An Empirical Study of Recent Face Alignment Methods
This work addresses reproducibility and fairness issues in face alignment research, providing practical guidance for the computer vision community, though it is incremental as it focuses on evaluation rather than proposing new methods.
The paper tackled the problem of inconsistent and hard-to-reproduce evaluations in face alignment methods by conducting a rigorous empirical study, introducing a new metric (AUC$_α$) and extending the 300W dataset for fair comparisons, leading to insights not previously available from original publications.
The problem of face alignment has been intensively studied in the past years.
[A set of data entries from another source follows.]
text \<open>Indices: users k < K, files n < N, subfile indices f < F.
  A library is an array W n f of subfiles, each an element of the finite
  abelian group 'g (unit entropy = log |'g|); entries outside the range are 0.\<close>

definition library :: "nat \<Rightarrow> nat \<Rightarrow> (nat \<Rightarrow> nat \<Rightarrow> 'g::{finite,ab_group_add}) set" where
  "library N F = {W. \<forall>n f. (N \<le> n \<or> F \<le> f) \<longrightarrow> W n f = 0}"

text \<open>Symmetric caching: user k caches, for every f in Z k, the f-th subfile of
  all files; it caches exactly F*M/N indices.\<close>

definition symmetric_caching :: "nat \<Rightarrow> nat \<Rightarrow> nat \<Rightarrow> real \<Rightarrow> (nat \<Rightarrow> nat set) \<Rightarrow> bool" where
  "symmetric_caching K N F M Z \<longleftrightarrow>
     (\<forall>k<K. Z k \<subseteq> {..<F} \<and> real (card (Z k)) = real F * M / real N)"

definition cache_content :: "nat \<Rightarrow> (nat \<Rightarrow> nat set) \<Rightarrow> nat \<Rightarrow>
     (nat \<Rightarrow> nat \<Rightarrow> 'g::{finite,ab_group_add}) \<Rightarrow> (nat \<Rightarrow> nat \<Rightarrow> 'g)" where
  "cache_content N Z k W = (\<lambda>n f. if n < N \<and> f \<in> Z k then W n f else 0)"

text \<open>Rate R is achievable: there is a symmetric caching and a (possibly nonlinear)
  delivery scheme which, for every demand vector d, broadcasts a message taking at most
  |'g| powr (R F) values (i.e. of size R F subfile units) from which every user k,
  using its cache contents, recovers all subfiles of file d k.\<close>

definition achievable :: "'g::{finite,ab_group_add} itself \<Rightarrow> nat \<Rightarrow> nat \<Rightarrow> nat \<Rightarrow> real \<Rightarrow> real \<Rightarrow> bool" where
  "achievable G K N F M R \<longleftrightarrow>
     (\<exists>Z (enc :: (nat \<Rightarrow> nat) \<Rightarrow> (nat \<Rightarrow> nat \<Rightarrow> 'g) \<Rightarrow> nat)
        (dec :: (nat \<Rightarrow> nat) \<Rightarrow> nat \<Rightarrow> nat \<Rightarrow> (nat \<Rightarrow> nat \<Rightarrow> 'g) \<Rightarrow> nat \<Rightarrow> 'g).
        symmetric_caching K N F M Z \<and>
        (\<forall>d. (\<forall>k<K. d k < N) \<longrightarrow>
            real (card (enc d ` library N F)) \<le> real (card (UNIV :: 'g set)) powr (R * real F) \<and>
            (\<forall>W\<in>library N F. \<forall>k<K. \<forall>f<F.
               dec d k (enc d W) (cache_content N Z k W) f = W (d k) f)))"

definition optimal_rate :: "'g::{finite,ab_group_add} itself \<Rightarrow> nat \<Rightarrow> nat \<Rightarrow> nat \<Rightarrow> real \<Rightarrow> real" where
  "optimal_rate G K N F M = Inf {R. achievable G K N F M R}"

end

theory Submission
  imports Defs "HOL-Library.FuncSet"
begin

(* Lower bound by successive decoding.  Fix a demand and restrict the library to a set P
   of subfile positions, all other entries zero.  If the users can be ordered so that
   every position of P in a user's cache lies in a file demanded by an earlier user, the
   users decode one after another, so the message determines the whole restricted
   library and |G|^|P| <= |G|^(RF).  Every user misses D = F(1 - M/N) subfile indices, so
   by averaging some index f0 is missed by at least KD/F users, and at most N of them can
   demand distinct files.  Let one of them demand file 0, which it decodes on its D missed
   indices, and let s - 1 others demand files 1, ..., s - 1, each decoding subfile f0:
   this gives |P| = D + s - 1 >= D + KD/F - 1, where s >= KD/F because N >= KD/F.
   Sending the whole library shows that some rate is achievable, so the infimum is
   bounded below as well. *)

definition supported_on :: "(nat \<times> nat) set \<Rightarrow> (nat \<Rightarrow> nat \<Rightarrow> 'g::zero) set" where
  "supported_on P = {W. \<forall>n f. (n, f) \<notin> P \<longrightarrow> W n f = 0}"

lemma library_eq_supported_on: "library N F = supported_on ({..<N} \<times> {..<F})"
  by (auto simp: library_def supported_on_def)

lemma supported_on_mono: "P \<subseteq> Q \<Longrightarrow> supported_on P \<subseteq> supported_on Q"
  by (auto simp: supported_on_def)

lemma bij_betw_PiE_supported_on:
  "bij_betw (\<lambda>g n f. if (n, f) \<in> P then g (n, f) else 0) (PiE P (\<lambda>_. UNIV)) (supported_on P)"
proof (rule bij_betwI[where g = "\<lambda>W. restrict (case_prod W) P"])
  show "(\<lambda>W. restrict (case_prod W) P) \<in> supported_on P \<rightarrow> PiE P (\<lambda>_. UNIV)"
    by auto
qed (auto simp: supported_on_def fun_eq_iff PiE_def extensional_def)

lemma
  fixes P :: "(nat \<times> nat) set"
  assumes "finite P"
  shows finite_supported_on: "finite (supported_on P :: (nat \<Rightarrow> nat \<Rightarrow> 'g::{finite,zero}) set)"
    and card_supported_on: "card (supported_on P :: (nat \<Rightarrow> nat \<Rightarrow> 'g) set) = card (UNIV :: 'g set) ^ card P"
proof -
  have bij: "bij_betw (\<lambda>g n f. if (n, f) \<in> P then g (n, f) else 0)
      (PiE P (\<lambda>_. UNIV :: 'g set)) (supported_on P)"
    by (rule bij_betw_PiE_supported_on)
  show "finite (supported_on P :: (nat \<Rightarrow> nat \<Rightarrow> 'g) set)"
    using bij_betw_finite[OF bij] assms by (simp add: finite_PiE)
  show "card (supported_on P :: (nat \<Rightarrow> nat \<Rightarrow> 'g) set) = card (UNIV :: 'g set) ^ card P"
    using bij_betw_same_card[OF bij] assms by (simp add: card_PiE)
qed

lemma successive_decoding_inj_on:
  fixes enc :: "(nat \<Rightarrow> nat \<Rightarrow> 'g::{finite,ab_group_add}) \<Rightarrow> 'm"
    and dec :: "nat \<Rightarrow> 'm \<Rightarrow> (nat \<Rightarrow> nat \<Rightarrow> 'g) \<Rightarrow> nat \<Rightarrow> 'g"
    and u :: "nat \<Rightarrow> nat"
  assumes decodes: "\<forall>W\<in>library N F. \<forall>k<K. \<forall>f<F. dec k (enc W) (cache_content N Z k W) f = W (d k) f"
    and users: "\<forall>j<m. u j < K"
    and grid: "P \<subseteq> {..<N} \<times> {..<F}"
    and covered: "fst ` P \<subseteq> d ` u ` {..<m}"
    and cached_earlier: "\<forall>j<m. \<forall>(n, f)\<in>P. f \<in> Z (u j) \<longrightarrow> (\<exists>i<j. n = d (u i))"
  shows "inj_on enc (supported_on P)"
proof (rule inj_onI)
  fix W W' assume W: "W \<in> supported_on P" and W': "W' \<in> supported_on P"
    and same_message: "enc W = enc W'"
  have lib: "W \<in> library N F" "W' \<in> library N F"
    using W W' supported_on_mono[OF grid] by (auto simp: library_eq_supported_on)
  have outside: "W n f = 0" "W' n f = 0" if "(n, f) \<notin> P" for n f
    using W W' that by (auto simp: supported_on_def)
  have decoded: "W (d (u j)) f = W' (d (u j)) f" if "j < m" "f < F" for j f
    using that
  proof (induction j arbitrary: f rule: less_induct)
    case (less j)
    have "cache_content N Z (u j) W = cache_content N Z (u j) W'"
    proof (intro ext)
      fix n f'
      show "cache_content N Z (u j) W n f' = cache_content N Z (u j) W' n f'"
      proof (cases "(n, f') \<in> P \<and> f' \<in> Z (u j)")
        case True
        then obtain i where "i < j" "n = d (u i)"
          using cached_earlier less.prems by blast
        moreover have "f' < F" using True grid by auto
        ultimately show ?thesis using less by (simp add: cache_content_def)
      qed (auto simp: cache_content_def outside)
    qed
    then show ?case
      using decodes lib same_message users less.prems by metis
  qed
  show "W = W'"
  proof (intro ext)
    fix n f
    show "W n f = W' n f"
    proof (cases "(n, f) \<in> P")
      case True
      then obtain j where "j < m" "n = d (u j)" using covered by force
      moreover have "f < F" using True grid by auto
      ultimately show ?thesis using decoded by simp
    qed (simp add: outside)
  qed
qed

lemma rate_ge_card_of_successive_decoding:
  fixes enc :: "(nat \<Rightarrow> nat \<Rightarrow> 'g::{finite,ab_group_add}) \<Rightarrow> 'm"
    and dec :: "nat \<Rightarrow> 'm \<Rightarrow> (nat \<Rightarrow> nat \<Rightarrow> 'g) \<Rightarrow> nat \<Rightarrow> 'g"
    and u :: "nat \<Rightarrow> nat"
  assumes decodes: "\<forall>W\<in>library N F. \<forall>k<K. \<forall>f<F. dec k (enc W) (cache_content N Z k W) f = W (d k) f"
    and users: "\<forall>j<m. u j < K"
    and grid: "P \<subseteq> {..<N} \<times> {..<F}"
    and covered: "fst ` P \<subseteq> d ` u ` {..<m}"
    and cached_earlier: "\<forall>j<m. \<forall>(n, f)\<in>P. f \<in> Z (u j) \<longrightarrow> (\<exists>i<j. n = d (u i))"
    and rate: "real (card (enc ` library N F)) \<le> real (card (UNIV :: 'g set)) powr (R * real F)"
    and nontrivial: "card (UNIV :: 'g set) \<ge> 2"
  shows "real (card P) \<le> R * real F"
proof -
  have "finite P" using grid finite_subset by blast
  have "card (UNIV :: 'g set) ^ card P = card (supported_on P :: (nat \<Rightarrow> nat \<Rightarrow> 'g) set)"
    by (rule card_supported_on[OF \<open>finite P\<close>, symmetric])
  also have "\<dots> = card (enc ` supported_on P)"
    using successive_decoding_inj_on[OF decodes users grid covered cached_earlier]
    by (simp add: card_image)
  also have "\<dots> \<le> card (enc ` library N F)"
    using supported_on_mono[OF grid] finite_supported_on[of "{..<N} \<times> {..<F}"]
    by (intro card_mono image_mono) (auto simp: library_eq_supported_on)
  finally have "real (card (UNIV :: 'g set)) powr real (card P)
      \<le> real (card (UNIV :: 'g set)) powr (R * real F)"
    using rate nontrivial by (simp add: powr_realpow flip: of_nat_power)
  then show ?thesis using nontrivial by simp
qed

lemma rate_ge_uncached_plus_users:
  fixes enc :: "(nat \<Rightarrow> nat) \<Rightarrow> (nat \<Rightarrow> nat \<Rightarrow> 'g::{finite,ab_group_add}) \<Rightarrow> 'm"
    and dec :: "(nat \<Rightarrow> nat) \<Rightarrow> nat \<Rightarrow> 'm \<Rightarrow> (nat \<Rightarrow> nat \<Rightarrow> 'g) \<Rightarrow> nat \<Rightarrow> 'g"
  assumes delivery: "\<And>d. \<forall>k<K. d k < N \<Longrightarrow>
      real (card (enc d ` library N F)) \<le> real (card (UNIV :: 'g set)) powr (R * real F) \<and>
      (\<forall>W\<in>library N F. \<forall>k<K. \<forall>f<F. dec d k (enc d W) (cache_content N Z k W) f = W (d k) f)"
    and uncached: "\<forall>k<K. card ({..<F} - Z k) = D"
    and "f0 < F" and "1 \<le> s" and "s \<le> N" and s_le_missing: "s \<le> card {k\<in>{..<K}. f0 \<notin> Z k}"
    and nontrivial: "card (UNIV :: 'g set) \<ge> 2"
  shows "real D + real s - 1 \<le> R * real F"
proof -
  obtain h where h: "h ` {..<s} \<subseteq> {k\<in>{..<K}. f0 \<notin> Z k}" "inj_on h {..<s}"
    using card_le_inj[of "{..<s}" "{k\<in>{..<K}. f0 \<notin> Z k}"] s_le_missing by auto
  define d where "d k = (if k \<in> h ` {..<s} then inv_into {..<s} h k else 0)" for k
  have d_h: "d (h i) = i" if "i < s" for i
    using that h(2) by (simp add: d_def)
  have "\<forall>k<K. d k < N"
    using h(2) \<open>s \<le> N\<close> \<open>1 \<le> s\<close> by (auto simp: d_def)
  note delivery_d = delivery[OF this]
  define P where "P = {0} \<times> ({..<F} - Z (h 0)) \<union> {1..<s} \<times> {f0}"
  have "real (card P) \<le> R * real F"
  proof (rule rate_ge_card_of_successive_decoding
      [where enc = "enc d" and dec = "dec d" and u = h and m = s and K = K and d = d])
    show "\<forall>j<s. h j < K" using h(1) by auto
    show "P \<subseteq> {..<N} \<times> {..<F}"
      using \<open>f0 < F\<close> \<open>1 \<le> s\<close> \<open>s \<le> N\<close> by (auto simp: P_def)
    show "fst ` P \<subseteq> d ` h ` {..<s}"
      using \<open>1 \<le> s\<close> d_h by (force simp: P_def image_image)
    show "\<forall>j<s. \<forall>(n, f)\<in>P. f \<in> Z (h j) \<longrightarrow> (\<exists>i<j. n = d (h i))"
      using h(1) d_h by (fastforce simp: P_def)
  qed (use delivery_d nontrivial in auto)
  moreover have "card P = D + (s - 1)"
    using uncached h(1)[THEN subsetD, of "h 0"] \<open>1 \<le> s\<close> unfolding P_def
    by (subst card_Un_disjoint) (auto simp: card_cartesian_product)
  ultimately show ?thesis using \<open>1 \<le> s\<close> by (simp add: of_nat_diff)
qed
A large number of novel methods have been proposed and reported very good performance on benchmark dataset such as 300W. However, the differences in the experimental setting and evaluation metric, missing details in the description of the methods make it hard to reproduce the results reported and evaluate the relative merits. For instance, most recent face alignment methods are built on top of face detection but from different face detectors. In this paper, we carry out a rigorous evaluation of these methods by making the following contributions: 1) we proposes a new evaluation metric for face alignment on a set of images, i.e., area under error distribution curve within a threshold, AUC$_α$, given the fact that the traditional evaluation measure (mean error) is very sensitive to big alignment error. 2) we extend the 300W database with more practical face detections to make fair comparison possible. 3) we carry out face alignment sensitivity analysis w.r.t. face detection, on both synthetic and real data, using both off-the-shelf and re-retrained models. 4) we study factors that are particularly important to achieve good performance and provide suggestions for practical applications. Most of the conclusions drawn from our comparative analysis cannot be inferred from the original publications.